OBJECTIVE : This retrospective study used the 2015 Metabolic and Bariatric Surgery Accreditation Quality Improvement Project (MBSAQIP) database to evaluate patient outcomes for gastric bypass (GB) and sleeve gastrectomy and to develop a risk prediction model for serious adverse events (SAEs) and readmission rates 30 days after surgery.
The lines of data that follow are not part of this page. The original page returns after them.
section \<open>Needed variables\<close>

text \<open>\<open>needs a c t i\<close>: evaluating \<open>t\<close> under \<open>c\<close> pending arguments demands the variable with
  index \<open>i\<close>, passing under at most \<open>a\<close> abstractions that receive no argument
  (\<open>ectx_needs\<close>, \<open>needs_imp_ectx\<close>).\<close>

inductive needs :: "nat \<Rightarrow> nat \<Rightarrow> trm \<Rightarrow> nat \<Rightarrow> bool" where
  needs_Var: "needs a c (Var i) i"
| needs_fun: "needs a (Suc c) f i \<Longrightarrow> needs a c (App f e) i"
| needs_Lam_arg: "needs a c b (Suc i) \<Longrightarrow> needs a (Suc c) (Lam b) i"
| needs_Lam_open: "needs a 0 b (Suc i) \<Longrightarrow> needs (Suc a) 0 (Lam b) i"
| needs_arg: "spine_lam 0 f M \<Longrightarrow> needs c 0 M 0 \<Longrightarrow> needs 0 0 e i \<Longrightarrow> needs a c (App f e) i"

inductive_cases needs_VarE: "needs a c (Var k) i"
inductive_cases needs_LamE: "needs a c (Lam b) i"
inductive_cases needs_AppE: "needs a c (App f e) i"

lemma needs_App_cases:
  "needs a c (App f e) i \<Longrightarrow>
   needs a (Suc c) f i \<or> (\<exists>M. spine_lam 0 f M \<and> needs c 0 M 0 \<and> needs 0 0 e i)"
  by (auto elim: needs_AppE)

lemma needs_mono: "needs a c t i \<Longrightarrow> a \<le> a' \<Longrightarrow> c \<le> c' \<Longrightarrow> needs a' c' t i"
proof (induction arbitrary: a' c' rule: needs.induct)
  case (needs_Lam_arg a c b i)
  then obtain c0 where "c' = Suc c0" "c \<le> c0" by (cases c') auto
  with needs_Lam_arg show ?case by (auto intro: needs.intros)
next
  case (needs_Lam_open a b i)
  show ?case
  proof (cases c')
    case 0
    with needs_Lam_open obtain a0 where "a' = Suc a0" "a \<le> a0" by (cases a') auto
    with needs_Lam_open 0 show ?thesis by (auto intro: needs.intros)
  next
    case (Suc c0)
    with needs_Lam_open show ?thesis by (auto intro: needs.intros)
  qed
qed (auto intro: needs.intros)
lemma quad_form_abs_le: "\<bar>quad_form M x\<bar> \<le> (\<Sum>i\<in>UNIV. \<Sum>j\<in>UNIV. \<bar>M $ i $ j\<bar>) * (norm x)\<^sup>2"
proof -
  have "\<bar>quad_form M x\<bar> \<le> norm x * norm (M *v x)"
    by (rule Cauchy_Schwarz_ineq2)
  also have "\<dots> \<le> norm x * (onorm ((*v) M) * norm x)"
    by (intro mult_left_mono onorm[OF matrix_vector_mul_bounded_linear]) simp
  also have "\<dots> \<le> norm x * ((\<Sum>i\<in>UNIV. \<Sum>j\<in>UNIV. \<bar>M $ i $ j\<bar>) * norm x)"
    by (intro mult_left_mono mult_right_mono onorm_le_matrix_component_sum) auto
  finally show ?thesis
    by (simp add: power2_eq_square mult_ac)
qed

lemma tendsto_quad_form:
  assumes "(P \<longlongrightarrow> L) F"
  shows "((\<lambda>k. quad_form (P k) x) \<longlongrightarrow> quad_form L x) F"
  unfolding inner_vec_def matrix_vector_mult_def
  by (simp only: vec_lambda_beta) (intro tendsto_intros tendsto_vec_nth assms)

lemma symmetric_matrix_eqI:
  fixes X Y :: "real^'n^'n"
  assumes "transpose X = X" "transpose Y = Y" "\<And>x. quad_form X x = quad_form Y x"
  shows "X = Y"
proof -
  define S where "S = X - Y"
  have sym: "transpose S = S" and zero: "quad_form S x = 0" for x
    using assms by (simp_all add: S_def transpose_diff matrix_vector_mult_diff_rdistrib inner_diff_right)
  have "x \<bullet> (S *v y) = 0" for x y
  proof -
    have "quad_form S (x + y) = quad_form S x + 2 * (x \<bullet> (S *v y)) + quad_form S y"
      using inner_symmetric_matrix_vector[OF sym, of y x]
      by (simp add: matrix_vector_right_distrib inner_add_left inner_add_right)
    then show ?thesis
      using zero by simp
  qed
  then have "S *v y = 0" for y
    by (metis inner_eq_zero_iff)
  then have "X *v y = Y *v y" for y
    by (simp add: S_def matrix_vector_mult_diff_rdistrib)
  then show ?thesis
    by (simp add: matrix_eq)
qed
METHODS : MBSAQIP national patient database.
METHODS : We created separate exploratory multivariable logistic regression models for SAEs and readmissions. We then externally validated both models using the 2016 MBSAQIP Participant Use Data File.
RESULTS : Significant predictors of SAEs were preoperative body mass index (adjusted odds ratio [AOR] 1.07, P < .0001); GB surgery (AOR 2.08, P < .0001); cardiovascular disease (AOR 1.43, P < .0001); smoking (AOR 1.12, P = .04); diabetes (AOR 1.15, P = .0001); hypertension (AOR 1.17, P < .0001); limited ambulation (AOR 1.48, P < .0001); sleep apnea (AOR 1.12, P = .001); history of pulmonary embolism (AOR 2.81, P < .0001); and steroid use (AOR 1.40, P = .001). Significant predictors of readmissions were GB surgery (AOR 1.81, P < .0001); female sex (AOR 1.26, P < .0001); diabetes (AOR 1.08, P = .04); hypertension (AOR 1.11, P = .004); preoperative body mass index (AOR 1.05, P < .0001); sleep apnea (AOR 1.11, P = .002); history of pulmonary embolism (AOR 2.35, P < .0001); cardiovascular disease (AOR 1.61, P < .0001); smoking (AOR 1.14, P = .01); and limited ambulation (AOR 1.55, P < .0001). External validation supported these covariates, with similar model discriminative power.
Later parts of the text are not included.